Saved entries
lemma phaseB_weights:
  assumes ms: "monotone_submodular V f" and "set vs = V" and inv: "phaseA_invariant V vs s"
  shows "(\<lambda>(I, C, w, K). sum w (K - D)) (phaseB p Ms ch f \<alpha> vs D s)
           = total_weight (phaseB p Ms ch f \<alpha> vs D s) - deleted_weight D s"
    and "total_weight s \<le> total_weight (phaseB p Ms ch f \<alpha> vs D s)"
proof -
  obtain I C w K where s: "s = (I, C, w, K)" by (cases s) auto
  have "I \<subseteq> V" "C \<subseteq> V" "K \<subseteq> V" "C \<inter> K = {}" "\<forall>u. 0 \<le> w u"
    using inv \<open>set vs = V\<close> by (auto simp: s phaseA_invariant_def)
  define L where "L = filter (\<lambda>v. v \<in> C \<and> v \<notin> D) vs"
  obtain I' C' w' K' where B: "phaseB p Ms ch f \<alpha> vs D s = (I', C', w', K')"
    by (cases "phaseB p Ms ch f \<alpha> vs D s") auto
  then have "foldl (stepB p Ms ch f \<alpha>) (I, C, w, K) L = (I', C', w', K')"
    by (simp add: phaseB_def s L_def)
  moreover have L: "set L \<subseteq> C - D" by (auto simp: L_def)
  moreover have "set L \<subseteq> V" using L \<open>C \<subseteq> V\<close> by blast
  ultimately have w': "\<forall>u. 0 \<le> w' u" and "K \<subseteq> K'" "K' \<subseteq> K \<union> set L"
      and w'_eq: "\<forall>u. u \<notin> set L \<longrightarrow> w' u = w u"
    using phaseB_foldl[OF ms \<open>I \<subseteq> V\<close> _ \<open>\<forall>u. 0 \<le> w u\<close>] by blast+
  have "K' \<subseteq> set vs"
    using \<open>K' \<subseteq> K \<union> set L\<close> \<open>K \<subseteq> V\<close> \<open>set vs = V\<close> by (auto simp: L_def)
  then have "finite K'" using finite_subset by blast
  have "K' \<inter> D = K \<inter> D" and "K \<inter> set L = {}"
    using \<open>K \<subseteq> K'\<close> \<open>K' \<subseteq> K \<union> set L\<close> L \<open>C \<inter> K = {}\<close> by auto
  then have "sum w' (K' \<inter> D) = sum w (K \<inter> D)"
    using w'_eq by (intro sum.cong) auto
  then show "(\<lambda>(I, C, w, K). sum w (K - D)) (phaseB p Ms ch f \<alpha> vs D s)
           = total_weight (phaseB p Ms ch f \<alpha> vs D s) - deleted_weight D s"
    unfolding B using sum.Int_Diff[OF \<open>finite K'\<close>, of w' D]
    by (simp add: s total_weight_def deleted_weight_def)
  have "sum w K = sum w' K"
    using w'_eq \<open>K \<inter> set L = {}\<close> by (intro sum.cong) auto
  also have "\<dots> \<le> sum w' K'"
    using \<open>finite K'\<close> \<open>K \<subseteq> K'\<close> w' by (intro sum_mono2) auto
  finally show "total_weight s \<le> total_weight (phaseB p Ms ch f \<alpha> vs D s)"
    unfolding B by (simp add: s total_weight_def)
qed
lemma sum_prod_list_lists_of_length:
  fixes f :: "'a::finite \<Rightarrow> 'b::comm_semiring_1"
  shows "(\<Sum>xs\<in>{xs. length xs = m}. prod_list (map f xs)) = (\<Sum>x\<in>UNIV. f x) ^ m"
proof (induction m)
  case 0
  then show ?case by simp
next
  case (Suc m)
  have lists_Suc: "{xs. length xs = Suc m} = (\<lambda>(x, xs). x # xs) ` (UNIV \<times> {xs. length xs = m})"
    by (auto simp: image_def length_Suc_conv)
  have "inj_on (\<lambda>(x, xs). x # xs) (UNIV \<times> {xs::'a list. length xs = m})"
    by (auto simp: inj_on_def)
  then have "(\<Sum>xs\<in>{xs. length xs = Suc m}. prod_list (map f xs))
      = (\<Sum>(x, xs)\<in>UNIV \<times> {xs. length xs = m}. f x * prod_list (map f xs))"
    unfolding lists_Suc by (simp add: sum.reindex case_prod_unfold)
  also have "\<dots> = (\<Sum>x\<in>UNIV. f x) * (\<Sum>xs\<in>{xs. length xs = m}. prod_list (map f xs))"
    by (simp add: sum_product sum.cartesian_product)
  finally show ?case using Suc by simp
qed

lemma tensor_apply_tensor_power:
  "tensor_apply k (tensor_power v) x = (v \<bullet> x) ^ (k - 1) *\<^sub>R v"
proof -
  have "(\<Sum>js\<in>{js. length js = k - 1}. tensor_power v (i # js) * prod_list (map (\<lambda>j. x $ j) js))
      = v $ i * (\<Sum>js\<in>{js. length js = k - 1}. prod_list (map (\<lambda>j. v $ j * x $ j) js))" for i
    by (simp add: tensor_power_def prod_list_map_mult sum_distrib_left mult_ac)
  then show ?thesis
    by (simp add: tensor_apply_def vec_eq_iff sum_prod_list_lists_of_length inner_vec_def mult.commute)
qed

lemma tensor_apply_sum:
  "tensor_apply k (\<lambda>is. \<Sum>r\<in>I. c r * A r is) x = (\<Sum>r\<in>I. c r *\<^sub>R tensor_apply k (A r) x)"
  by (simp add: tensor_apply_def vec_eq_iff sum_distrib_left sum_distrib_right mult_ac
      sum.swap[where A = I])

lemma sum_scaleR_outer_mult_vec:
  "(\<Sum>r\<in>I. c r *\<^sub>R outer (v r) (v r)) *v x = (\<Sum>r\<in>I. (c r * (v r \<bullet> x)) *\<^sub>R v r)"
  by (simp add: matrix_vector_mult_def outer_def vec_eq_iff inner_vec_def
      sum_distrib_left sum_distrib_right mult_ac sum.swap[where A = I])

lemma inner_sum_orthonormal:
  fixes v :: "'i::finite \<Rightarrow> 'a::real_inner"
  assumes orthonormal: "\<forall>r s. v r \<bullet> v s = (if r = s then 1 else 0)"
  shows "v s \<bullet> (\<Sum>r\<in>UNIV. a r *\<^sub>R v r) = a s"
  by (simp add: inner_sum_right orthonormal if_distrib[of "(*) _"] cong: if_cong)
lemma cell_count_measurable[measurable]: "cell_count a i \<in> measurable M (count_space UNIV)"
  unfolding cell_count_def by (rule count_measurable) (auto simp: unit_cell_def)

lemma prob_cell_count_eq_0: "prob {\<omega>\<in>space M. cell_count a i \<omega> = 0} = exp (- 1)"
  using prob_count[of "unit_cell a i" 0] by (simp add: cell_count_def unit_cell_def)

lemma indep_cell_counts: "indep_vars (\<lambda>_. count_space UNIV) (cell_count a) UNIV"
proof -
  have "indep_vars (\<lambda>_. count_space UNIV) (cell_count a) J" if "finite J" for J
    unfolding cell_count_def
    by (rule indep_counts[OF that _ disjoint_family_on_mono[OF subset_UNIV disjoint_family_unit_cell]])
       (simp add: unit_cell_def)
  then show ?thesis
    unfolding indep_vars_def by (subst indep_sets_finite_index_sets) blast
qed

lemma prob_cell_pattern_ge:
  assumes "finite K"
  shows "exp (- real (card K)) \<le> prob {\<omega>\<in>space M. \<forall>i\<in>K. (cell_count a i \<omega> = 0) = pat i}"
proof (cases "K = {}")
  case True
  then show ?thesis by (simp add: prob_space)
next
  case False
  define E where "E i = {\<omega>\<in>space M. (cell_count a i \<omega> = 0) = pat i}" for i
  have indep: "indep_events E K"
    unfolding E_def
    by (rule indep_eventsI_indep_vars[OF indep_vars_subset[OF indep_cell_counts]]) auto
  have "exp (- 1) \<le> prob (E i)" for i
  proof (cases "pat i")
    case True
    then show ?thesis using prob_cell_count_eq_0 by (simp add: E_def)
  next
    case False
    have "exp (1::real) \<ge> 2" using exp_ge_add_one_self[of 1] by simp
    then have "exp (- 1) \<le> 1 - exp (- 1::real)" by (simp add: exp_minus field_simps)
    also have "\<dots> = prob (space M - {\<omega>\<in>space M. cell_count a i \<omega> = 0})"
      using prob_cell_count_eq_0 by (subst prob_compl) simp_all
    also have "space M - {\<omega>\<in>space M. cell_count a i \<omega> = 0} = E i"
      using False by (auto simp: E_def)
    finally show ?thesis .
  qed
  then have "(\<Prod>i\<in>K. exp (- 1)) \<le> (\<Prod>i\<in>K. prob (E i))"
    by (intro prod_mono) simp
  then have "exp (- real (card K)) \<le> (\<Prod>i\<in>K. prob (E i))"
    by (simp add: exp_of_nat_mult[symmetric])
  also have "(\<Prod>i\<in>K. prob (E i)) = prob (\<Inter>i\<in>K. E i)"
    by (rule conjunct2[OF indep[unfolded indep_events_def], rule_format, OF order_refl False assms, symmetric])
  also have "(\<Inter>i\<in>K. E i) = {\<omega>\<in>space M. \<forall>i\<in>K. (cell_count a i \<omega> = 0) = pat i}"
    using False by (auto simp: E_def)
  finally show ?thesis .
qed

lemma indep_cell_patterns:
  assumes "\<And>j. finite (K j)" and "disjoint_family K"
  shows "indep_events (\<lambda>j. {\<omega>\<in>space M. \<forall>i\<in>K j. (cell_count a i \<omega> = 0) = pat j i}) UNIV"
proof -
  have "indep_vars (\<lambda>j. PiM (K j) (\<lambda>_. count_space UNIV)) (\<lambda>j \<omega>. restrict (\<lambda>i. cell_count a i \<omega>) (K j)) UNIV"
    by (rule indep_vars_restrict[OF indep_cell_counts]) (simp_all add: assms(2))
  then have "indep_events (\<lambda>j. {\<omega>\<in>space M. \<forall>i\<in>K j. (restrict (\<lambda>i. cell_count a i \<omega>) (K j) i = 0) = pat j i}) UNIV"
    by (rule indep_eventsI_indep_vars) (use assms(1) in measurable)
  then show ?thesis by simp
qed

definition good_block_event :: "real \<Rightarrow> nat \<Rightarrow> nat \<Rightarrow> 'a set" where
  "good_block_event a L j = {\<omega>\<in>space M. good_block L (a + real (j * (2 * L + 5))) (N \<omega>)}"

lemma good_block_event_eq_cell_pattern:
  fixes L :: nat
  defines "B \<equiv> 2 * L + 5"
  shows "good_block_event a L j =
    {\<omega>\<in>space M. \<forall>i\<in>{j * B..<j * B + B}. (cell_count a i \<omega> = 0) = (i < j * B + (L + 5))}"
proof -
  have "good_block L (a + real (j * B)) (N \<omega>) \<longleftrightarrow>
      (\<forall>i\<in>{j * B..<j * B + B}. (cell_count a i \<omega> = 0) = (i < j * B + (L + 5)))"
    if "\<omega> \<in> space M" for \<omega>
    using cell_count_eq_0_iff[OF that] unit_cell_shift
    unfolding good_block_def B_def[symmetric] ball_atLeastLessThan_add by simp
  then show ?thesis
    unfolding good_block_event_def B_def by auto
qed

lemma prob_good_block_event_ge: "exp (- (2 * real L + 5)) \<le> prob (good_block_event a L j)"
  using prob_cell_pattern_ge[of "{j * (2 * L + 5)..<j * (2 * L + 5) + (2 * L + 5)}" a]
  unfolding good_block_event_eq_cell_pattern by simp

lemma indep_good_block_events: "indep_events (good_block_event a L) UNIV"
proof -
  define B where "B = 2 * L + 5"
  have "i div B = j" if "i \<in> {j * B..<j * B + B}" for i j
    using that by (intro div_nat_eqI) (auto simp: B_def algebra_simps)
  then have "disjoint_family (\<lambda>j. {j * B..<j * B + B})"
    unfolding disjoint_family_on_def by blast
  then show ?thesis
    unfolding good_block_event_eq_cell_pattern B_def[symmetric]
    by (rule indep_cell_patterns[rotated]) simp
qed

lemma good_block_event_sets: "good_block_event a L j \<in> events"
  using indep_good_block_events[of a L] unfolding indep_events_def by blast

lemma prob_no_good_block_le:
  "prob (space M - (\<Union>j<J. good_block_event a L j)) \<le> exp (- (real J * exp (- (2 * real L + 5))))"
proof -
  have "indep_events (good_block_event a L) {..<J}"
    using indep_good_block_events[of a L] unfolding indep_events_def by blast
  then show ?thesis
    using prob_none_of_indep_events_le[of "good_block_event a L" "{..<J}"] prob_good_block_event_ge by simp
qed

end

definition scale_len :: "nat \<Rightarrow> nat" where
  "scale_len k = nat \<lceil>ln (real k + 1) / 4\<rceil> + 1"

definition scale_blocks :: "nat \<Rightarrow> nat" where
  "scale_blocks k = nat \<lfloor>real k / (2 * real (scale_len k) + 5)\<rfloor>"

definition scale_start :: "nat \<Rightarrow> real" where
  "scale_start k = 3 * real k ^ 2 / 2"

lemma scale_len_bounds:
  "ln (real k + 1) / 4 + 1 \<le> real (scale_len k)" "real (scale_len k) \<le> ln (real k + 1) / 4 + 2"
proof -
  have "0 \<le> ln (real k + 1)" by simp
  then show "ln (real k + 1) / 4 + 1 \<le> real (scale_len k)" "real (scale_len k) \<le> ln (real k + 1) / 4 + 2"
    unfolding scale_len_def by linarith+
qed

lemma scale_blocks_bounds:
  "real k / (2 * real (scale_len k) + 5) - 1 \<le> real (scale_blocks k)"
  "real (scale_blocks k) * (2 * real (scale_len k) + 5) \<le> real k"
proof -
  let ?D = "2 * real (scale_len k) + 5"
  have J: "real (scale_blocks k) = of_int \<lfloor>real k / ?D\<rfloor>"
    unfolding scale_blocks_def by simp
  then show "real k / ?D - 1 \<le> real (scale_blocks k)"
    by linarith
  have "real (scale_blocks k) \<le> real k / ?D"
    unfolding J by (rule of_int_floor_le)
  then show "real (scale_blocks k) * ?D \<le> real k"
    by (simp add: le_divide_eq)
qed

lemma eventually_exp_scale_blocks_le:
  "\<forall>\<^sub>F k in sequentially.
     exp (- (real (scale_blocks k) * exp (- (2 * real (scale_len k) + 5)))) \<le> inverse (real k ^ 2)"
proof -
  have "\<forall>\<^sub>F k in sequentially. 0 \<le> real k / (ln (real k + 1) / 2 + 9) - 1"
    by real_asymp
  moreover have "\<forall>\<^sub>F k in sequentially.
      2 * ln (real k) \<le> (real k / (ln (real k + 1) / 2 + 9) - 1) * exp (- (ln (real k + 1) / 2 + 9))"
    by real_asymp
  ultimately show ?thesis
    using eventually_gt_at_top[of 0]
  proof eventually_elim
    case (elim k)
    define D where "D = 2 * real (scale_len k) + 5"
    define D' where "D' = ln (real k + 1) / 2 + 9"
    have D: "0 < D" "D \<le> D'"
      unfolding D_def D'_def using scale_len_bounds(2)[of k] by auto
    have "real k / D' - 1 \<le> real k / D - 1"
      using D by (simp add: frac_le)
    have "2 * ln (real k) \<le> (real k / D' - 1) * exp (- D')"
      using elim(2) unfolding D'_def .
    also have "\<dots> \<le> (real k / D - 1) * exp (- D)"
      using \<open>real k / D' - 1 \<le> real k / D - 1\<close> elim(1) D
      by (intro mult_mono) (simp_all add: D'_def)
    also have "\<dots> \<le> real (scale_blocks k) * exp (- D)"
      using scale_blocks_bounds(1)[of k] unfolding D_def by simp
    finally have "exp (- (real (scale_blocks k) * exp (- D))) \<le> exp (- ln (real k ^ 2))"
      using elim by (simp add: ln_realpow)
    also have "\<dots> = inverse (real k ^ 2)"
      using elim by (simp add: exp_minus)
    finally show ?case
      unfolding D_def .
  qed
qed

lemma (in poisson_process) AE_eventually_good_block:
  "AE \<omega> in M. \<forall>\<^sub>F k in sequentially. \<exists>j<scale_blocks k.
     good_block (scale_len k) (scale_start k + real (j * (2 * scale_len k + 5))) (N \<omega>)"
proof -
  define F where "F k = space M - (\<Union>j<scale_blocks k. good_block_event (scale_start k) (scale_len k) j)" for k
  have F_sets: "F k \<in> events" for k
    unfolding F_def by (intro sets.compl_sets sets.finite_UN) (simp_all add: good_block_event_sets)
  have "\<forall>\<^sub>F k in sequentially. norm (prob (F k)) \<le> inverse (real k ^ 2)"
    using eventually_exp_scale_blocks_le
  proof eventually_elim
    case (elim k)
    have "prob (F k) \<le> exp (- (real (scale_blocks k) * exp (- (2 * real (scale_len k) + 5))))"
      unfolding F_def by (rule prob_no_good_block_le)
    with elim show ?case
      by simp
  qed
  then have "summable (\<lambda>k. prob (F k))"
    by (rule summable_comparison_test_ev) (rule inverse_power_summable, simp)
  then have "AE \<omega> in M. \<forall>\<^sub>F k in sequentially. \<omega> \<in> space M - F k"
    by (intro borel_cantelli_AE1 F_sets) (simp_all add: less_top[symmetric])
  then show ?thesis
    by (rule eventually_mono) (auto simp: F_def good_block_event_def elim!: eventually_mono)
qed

PROBLEM STATEMENT:
Consider the entries above and return each line with the string "rfloor".

YOUR RESPONSE:
  "scale_blocks k = nat \<lfloor>real k / (2 * real (scale_len k) + 5)\<rfloor>"
  have J: "real (scale_blocks k) = of_int \<lfloor>real k / ?D\<rfloor>"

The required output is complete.